What you need to do: Pick out each line of the records that includes the string "lemma", and copy it.

── Data excerpts

lemma is_moebius_function_moebius_rec: "is_moebius_function S le moebius_rec"
  unfolding is_moebius_function_def
proof (intro conjI allI impI ballI)
  fix x y
  assume "\<not> (x \<in> S \<and> y \<in> S \<and> le x y)"
  then show "moebius_rec x y = 0"
    by (subst moebius_rec.simps) auto
next
  fix x y
  assume xy: "x \<in> S" "y \<in> S" "le x y"
  then have "moebius_rec x y = (if x = y then 1 else - (\<Sum>z\<in>interval x y - {y}. moebius_rec x z))"
    by (simp add: moebius_rec.simps[of x y])
  with xy show "(\<Sum>z\<in>interval x y. moebius_rec x z) = (if x = y then 1 else 0)"
    by (simp add: sum_interval_remove_top interval_refl)
qed

lemma is_moebius_function_unique:
  assumes m: "is_moebius_function S le m" and m': "is_moebius_function S le m'"
  shows "m = m'"
proof (intro ext)
  fix x y
  show "m x y = m' x y"
  proof (induction "card (interval x y)" arbitrary: y rule: less_induct)
    case less
    show ?case
    proof (cases "x \<in> S \<and> y \<in> S \<and> le x y")
      case False
      with m m' show ?thesis
        unfolding is_moebius_function_def by metis
    next
      case True
      have below: "(\<Sum>z\<in>interval x y - {y}. m x z) = (\<Sum>z\<in>interval x y - {y}. m' x z)"
        using less True card_interval_less by (intro sum.cong) auto
      from m m' True have "(\<Sum>z\<in>interval x y. m x z) = (\<Sum>z\<in>interval x y. m' x z)"
        unfolding is_moebius_function_def by simp
      with True below show ?thesis
        by (simp add: sum_interval_remove_top)
    qed
  qed
qed

lemma is_moebius_function_moebius: "is_moebius_function S le (moebius S le)"
  unfolding moebius_eq_The
  by (rule theI[of "is_moebius_function S le", OF is_moebius_function_moebius_rec])
    (rule is_moebius_function_unique[OF _ is_moebius_function_moebius_rec])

────

Written solution:
lemma is_moebius_function_moebius_rec: "is_moebius_function S le moebius_rec"
lemma is_moebius_function_unique:
lemma is_moebius_function_moebius: "is_moebius_function S le (moebius S le)"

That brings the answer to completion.